What the exercise asks: Take every line from the data that has the word "intro" in it.

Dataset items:
━━━━━━━━
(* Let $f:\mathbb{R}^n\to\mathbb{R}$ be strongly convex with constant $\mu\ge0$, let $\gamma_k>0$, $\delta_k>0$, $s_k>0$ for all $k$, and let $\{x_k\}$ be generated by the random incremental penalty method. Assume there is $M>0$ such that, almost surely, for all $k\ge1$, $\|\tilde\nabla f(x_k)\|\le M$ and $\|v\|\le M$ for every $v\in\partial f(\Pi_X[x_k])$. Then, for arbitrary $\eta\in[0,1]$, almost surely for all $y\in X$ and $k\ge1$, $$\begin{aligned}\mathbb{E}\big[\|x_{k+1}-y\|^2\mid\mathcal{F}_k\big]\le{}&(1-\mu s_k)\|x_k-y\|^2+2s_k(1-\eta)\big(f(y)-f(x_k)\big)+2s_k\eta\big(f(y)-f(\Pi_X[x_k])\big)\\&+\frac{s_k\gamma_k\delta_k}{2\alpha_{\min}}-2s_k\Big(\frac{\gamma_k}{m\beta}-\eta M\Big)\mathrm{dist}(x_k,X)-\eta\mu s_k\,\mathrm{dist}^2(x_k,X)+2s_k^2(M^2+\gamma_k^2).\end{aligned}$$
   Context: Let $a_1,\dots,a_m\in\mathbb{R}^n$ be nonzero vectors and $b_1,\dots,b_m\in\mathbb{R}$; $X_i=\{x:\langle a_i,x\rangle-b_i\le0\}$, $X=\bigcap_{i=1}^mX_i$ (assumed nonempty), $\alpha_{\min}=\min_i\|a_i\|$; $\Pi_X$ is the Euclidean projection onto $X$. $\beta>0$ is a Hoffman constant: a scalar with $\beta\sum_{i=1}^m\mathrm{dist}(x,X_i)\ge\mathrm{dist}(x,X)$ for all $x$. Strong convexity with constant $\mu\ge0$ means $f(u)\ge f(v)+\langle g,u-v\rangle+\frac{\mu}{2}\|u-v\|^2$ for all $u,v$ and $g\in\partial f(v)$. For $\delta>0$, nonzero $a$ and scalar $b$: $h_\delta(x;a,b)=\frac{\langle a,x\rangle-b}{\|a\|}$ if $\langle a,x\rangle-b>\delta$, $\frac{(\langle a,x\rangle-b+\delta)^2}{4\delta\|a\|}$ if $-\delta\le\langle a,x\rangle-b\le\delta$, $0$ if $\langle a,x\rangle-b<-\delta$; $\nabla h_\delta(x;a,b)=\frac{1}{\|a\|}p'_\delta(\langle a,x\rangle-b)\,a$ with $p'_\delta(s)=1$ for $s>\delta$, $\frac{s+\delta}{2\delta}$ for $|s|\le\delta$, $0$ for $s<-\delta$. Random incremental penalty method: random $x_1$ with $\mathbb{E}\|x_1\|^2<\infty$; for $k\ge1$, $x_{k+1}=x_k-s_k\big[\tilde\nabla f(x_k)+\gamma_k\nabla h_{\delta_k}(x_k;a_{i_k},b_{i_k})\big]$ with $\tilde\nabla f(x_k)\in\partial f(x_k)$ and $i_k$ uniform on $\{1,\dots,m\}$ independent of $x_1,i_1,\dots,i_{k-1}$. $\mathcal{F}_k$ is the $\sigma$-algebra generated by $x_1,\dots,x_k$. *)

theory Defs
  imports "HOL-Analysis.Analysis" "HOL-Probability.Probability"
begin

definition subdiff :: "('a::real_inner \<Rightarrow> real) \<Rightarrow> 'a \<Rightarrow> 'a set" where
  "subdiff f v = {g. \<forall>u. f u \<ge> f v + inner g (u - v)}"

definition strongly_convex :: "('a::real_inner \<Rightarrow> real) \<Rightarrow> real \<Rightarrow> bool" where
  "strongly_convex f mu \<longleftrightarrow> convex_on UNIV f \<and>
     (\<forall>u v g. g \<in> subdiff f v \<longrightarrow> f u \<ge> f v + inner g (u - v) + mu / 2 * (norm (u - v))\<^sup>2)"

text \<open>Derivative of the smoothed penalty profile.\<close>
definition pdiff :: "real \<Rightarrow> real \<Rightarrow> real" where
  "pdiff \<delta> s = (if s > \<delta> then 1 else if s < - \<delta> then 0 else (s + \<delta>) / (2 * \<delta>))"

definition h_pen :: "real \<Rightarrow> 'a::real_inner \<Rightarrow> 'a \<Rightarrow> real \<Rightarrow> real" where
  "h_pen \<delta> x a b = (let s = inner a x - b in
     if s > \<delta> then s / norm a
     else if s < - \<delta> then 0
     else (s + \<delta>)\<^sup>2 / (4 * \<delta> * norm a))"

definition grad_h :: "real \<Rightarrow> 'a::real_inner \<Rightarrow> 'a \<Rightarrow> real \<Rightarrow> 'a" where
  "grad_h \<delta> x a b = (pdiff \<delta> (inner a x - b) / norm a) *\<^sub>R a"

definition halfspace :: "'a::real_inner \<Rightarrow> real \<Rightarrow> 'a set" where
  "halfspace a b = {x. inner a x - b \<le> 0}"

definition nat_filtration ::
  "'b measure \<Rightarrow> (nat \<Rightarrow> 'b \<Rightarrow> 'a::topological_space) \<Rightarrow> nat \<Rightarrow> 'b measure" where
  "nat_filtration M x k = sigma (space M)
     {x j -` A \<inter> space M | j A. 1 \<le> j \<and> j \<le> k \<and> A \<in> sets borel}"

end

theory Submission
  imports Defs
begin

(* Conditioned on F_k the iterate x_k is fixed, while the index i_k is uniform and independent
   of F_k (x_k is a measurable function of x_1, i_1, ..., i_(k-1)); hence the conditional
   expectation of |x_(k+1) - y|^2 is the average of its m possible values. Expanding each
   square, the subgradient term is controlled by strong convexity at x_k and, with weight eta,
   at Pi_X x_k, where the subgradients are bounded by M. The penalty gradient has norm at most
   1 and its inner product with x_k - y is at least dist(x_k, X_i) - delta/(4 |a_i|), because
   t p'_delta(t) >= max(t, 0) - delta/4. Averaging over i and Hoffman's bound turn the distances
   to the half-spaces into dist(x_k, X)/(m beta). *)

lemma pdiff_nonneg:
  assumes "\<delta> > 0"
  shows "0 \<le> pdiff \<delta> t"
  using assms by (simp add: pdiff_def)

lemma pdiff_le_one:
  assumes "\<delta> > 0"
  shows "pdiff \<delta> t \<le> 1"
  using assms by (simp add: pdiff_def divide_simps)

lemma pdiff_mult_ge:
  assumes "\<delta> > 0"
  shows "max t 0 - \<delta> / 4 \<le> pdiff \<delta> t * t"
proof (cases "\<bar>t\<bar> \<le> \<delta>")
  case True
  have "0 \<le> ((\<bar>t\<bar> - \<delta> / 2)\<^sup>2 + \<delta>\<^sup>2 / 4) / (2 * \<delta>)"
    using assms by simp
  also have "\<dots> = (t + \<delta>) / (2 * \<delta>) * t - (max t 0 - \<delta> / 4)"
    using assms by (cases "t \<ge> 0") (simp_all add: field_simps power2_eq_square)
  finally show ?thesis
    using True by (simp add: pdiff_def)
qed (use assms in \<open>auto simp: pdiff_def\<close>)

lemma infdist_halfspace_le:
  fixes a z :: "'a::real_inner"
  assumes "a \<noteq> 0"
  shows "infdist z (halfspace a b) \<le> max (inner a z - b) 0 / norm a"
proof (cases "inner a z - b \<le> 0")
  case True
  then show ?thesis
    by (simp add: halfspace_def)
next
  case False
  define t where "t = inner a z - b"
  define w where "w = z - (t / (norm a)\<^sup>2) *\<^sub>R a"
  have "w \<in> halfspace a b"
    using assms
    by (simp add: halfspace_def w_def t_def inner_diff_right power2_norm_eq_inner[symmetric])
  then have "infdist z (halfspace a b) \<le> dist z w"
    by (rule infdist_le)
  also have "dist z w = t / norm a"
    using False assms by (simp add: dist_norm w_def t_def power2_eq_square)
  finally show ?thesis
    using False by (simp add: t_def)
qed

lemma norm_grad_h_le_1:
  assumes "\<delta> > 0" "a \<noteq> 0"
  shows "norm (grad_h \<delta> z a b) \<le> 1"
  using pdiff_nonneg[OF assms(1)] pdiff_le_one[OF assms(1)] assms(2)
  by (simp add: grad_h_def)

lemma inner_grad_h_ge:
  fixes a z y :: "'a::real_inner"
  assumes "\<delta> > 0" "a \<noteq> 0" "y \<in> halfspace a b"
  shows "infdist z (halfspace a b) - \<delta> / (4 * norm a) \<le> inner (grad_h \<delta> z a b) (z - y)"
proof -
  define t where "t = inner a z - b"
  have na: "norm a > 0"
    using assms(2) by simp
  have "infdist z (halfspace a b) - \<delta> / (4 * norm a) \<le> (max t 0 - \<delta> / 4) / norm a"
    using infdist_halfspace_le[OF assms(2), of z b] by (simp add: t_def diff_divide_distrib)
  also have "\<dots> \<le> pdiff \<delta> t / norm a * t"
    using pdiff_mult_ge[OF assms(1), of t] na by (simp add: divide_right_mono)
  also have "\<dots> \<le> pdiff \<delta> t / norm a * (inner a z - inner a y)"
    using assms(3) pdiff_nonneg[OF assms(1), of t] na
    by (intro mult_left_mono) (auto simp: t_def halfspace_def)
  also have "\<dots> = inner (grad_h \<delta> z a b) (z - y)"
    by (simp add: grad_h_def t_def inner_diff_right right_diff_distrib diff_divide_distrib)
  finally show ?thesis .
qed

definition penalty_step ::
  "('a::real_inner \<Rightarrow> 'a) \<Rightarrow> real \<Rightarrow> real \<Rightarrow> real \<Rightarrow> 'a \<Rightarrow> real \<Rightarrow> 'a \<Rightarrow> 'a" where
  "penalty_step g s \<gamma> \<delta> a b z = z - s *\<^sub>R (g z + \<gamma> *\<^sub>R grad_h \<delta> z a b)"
━━━━━━━━
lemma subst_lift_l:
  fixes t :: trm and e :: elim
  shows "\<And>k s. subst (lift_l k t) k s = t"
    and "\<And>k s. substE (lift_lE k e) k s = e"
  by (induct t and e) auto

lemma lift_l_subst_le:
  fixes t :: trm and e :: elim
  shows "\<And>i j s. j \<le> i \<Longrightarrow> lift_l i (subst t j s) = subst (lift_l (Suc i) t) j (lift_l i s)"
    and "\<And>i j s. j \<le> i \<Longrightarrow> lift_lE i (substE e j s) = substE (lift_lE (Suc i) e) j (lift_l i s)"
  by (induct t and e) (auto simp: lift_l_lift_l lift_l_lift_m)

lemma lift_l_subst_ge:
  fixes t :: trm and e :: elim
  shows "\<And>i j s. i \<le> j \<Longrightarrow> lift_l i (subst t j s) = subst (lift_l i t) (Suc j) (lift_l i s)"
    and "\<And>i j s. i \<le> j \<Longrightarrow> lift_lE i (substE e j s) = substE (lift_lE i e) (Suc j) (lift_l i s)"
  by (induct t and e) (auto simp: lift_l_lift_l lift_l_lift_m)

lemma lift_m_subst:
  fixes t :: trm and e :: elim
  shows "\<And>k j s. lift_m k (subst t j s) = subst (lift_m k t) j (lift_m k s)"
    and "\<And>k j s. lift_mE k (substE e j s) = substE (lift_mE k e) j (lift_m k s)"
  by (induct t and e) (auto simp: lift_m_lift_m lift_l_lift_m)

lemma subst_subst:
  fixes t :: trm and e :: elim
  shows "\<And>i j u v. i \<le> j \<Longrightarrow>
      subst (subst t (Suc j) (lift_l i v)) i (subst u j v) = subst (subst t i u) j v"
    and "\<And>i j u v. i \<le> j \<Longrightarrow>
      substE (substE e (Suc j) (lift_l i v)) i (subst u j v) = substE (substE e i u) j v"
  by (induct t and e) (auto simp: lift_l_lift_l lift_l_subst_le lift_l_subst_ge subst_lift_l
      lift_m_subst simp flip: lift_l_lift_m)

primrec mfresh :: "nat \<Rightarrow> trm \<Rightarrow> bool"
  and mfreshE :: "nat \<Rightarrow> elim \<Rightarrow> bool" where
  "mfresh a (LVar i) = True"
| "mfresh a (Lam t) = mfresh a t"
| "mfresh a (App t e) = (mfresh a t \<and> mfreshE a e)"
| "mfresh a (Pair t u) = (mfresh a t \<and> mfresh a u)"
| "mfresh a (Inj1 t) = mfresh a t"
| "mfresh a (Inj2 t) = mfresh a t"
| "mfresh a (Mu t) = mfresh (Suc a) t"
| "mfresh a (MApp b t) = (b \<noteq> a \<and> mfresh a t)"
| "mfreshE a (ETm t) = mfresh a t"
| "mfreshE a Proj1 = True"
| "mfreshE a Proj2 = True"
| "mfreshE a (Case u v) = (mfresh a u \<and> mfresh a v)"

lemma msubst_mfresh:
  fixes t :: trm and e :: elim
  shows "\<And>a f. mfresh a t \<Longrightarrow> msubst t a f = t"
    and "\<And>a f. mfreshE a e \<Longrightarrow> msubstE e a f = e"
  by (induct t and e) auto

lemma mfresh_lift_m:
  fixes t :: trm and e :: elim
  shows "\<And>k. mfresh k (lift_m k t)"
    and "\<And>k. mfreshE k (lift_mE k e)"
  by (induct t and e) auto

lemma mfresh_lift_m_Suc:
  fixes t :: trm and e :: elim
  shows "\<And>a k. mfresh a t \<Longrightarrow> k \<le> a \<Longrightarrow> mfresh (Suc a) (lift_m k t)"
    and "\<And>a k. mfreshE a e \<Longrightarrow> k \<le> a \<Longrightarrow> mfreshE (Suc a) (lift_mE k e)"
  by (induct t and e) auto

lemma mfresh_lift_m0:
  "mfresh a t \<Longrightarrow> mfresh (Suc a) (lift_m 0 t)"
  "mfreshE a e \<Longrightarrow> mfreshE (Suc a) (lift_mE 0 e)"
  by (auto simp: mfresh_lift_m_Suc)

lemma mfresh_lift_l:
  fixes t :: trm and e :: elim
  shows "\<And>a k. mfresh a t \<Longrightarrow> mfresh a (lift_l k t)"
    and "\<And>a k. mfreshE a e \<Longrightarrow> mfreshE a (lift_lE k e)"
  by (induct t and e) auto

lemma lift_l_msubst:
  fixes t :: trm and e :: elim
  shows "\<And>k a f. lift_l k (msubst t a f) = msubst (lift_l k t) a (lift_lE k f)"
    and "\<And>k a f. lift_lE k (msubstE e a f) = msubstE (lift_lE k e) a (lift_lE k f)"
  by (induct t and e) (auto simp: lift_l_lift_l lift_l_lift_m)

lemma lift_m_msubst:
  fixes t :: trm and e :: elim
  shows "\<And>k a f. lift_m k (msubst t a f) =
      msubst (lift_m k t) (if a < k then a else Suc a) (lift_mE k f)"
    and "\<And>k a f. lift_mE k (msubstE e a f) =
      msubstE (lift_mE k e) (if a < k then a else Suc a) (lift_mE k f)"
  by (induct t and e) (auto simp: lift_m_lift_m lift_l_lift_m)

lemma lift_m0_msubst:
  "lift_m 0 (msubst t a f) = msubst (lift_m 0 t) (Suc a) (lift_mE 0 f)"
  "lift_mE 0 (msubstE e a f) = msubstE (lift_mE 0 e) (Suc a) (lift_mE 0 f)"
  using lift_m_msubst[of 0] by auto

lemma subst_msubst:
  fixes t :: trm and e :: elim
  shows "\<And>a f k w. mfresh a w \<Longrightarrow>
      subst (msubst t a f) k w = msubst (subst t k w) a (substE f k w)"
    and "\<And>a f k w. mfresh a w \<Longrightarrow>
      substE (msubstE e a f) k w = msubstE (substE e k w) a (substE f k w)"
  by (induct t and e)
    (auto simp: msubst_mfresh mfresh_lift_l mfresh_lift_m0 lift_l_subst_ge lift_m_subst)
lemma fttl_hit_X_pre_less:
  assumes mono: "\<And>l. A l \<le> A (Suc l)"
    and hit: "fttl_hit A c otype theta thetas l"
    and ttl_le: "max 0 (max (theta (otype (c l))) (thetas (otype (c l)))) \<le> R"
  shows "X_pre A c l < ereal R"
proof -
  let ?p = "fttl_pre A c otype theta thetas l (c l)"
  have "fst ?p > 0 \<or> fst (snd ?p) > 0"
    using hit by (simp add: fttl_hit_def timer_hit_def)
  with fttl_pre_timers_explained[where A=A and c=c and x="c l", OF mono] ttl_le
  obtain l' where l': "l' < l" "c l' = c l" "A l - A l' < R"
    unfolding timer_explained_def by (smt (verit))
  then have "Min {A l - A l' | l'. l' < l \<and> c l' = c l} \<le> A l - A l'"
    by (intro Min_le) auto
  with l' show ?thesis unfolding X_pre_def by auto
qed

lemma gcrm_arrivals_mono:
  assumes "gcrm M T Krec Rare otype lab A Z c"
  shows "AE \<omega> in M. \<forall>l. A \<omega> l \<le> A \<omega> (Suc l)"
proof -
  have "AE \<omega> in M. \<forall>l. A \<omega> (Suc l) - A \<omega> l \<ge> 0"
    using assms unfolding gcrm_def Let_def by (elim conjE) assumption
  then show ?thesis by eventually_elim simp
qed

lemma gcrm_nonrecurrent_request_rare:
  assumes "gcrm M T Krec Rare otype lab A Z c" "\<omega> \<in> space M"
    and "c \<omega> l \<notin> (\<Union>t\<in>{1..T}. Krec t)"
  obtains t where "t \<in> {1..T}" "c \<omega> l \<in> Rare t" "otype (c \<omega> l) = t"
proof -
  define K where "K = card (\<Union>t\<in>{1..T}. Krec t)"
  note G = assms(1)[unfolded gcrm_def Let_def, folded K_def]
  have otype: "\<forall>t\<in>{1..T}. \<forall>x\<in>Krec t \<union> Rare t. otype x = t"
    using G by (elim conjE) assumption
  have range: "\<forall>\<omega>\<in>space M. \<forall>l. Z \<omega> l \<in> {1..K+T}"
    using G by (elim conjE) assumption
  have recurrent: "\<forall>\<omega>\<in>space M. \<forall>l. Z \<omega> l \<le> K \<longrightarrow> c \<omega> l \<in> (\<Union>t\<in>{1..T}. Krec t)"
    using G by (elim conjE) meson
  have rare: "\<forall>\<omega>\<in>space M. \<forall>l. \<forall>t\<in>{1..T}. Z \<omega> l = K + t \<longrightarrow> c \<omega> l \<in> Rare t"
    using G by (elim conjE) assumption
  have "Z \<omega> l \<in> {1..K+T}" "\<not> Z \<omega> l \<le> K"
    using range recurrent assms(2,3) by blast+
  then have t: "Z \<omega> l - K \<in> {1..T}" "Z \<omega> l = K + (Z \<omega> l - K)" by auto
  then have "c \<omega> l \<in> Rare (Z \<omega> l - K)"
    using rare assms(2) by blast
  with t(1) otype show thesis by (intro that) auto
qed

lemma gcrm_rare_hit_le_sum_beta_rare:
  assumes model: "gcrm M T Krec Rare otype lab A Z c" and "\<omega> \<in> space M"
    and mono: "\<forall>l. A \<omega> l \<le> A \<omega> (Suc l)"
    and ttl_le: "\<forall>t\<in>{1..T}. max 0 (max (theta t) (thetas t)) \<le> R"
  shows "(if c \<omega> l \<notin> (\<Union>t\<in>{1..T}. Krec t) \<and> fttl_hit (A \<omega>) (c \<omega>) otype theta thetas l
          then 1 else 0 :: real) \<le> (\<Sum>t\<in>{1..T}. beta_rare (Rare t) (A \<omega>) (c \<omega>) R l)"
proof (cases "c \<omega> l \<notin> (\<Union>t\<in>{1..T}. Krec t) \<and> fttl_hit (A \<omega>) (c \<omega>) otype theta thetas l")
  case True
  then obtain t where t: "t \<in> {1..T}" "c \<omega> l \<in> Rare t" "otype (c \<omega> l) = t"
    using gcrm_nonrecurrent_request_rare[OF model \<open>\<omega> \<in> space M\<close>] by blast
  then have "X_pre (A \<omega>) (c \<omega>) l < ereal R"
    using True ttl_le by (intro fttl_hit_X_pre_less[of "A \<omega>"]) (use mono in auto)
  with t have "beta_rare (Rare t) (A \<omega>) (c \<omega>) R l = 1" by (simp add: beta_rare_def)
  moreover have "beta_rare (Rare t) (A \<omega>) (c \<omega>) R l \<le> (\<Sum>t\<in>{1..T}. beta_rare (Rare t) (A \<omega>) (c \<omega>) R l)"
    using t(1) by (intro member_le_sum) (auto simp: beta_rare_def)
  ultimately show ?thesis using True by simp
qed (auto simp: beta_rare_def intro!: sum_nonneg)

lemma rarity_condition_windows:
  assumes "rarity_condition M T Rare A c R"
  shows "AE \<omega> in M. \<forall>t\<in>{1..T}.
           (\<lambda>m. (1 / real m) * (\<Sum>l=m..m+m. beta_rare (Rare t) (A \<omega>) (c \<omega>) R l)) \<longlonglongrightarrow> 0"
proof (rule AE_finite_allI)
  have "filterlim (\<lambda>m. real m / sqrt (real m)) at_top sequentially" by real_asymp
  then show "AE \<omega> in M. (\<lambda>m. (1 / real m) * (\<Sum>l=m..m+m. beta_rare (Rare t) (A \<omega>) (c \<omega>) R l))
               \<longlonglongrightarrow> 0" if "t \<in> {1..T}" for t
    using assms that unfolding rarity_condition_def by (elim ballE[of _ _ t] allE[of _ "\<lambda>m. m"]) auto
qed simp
━━━━━━━━
Solved exercise:
    by (intro mult_left_mono) (auto simp: t_def halfspace_def)
    by (intro Min_le) auto
  with t(1) otype show thesis by (intro that) auto
    using True ttl_le by (intro fttl_hit_X_pre_less[of "A \<omega>"]) (use mono in auto)
    using t(1) by (intro member_le_sum) (auto simp: beta_rare_def)
qed (auto simp: beta_rare_def intro!: sum_nonneg)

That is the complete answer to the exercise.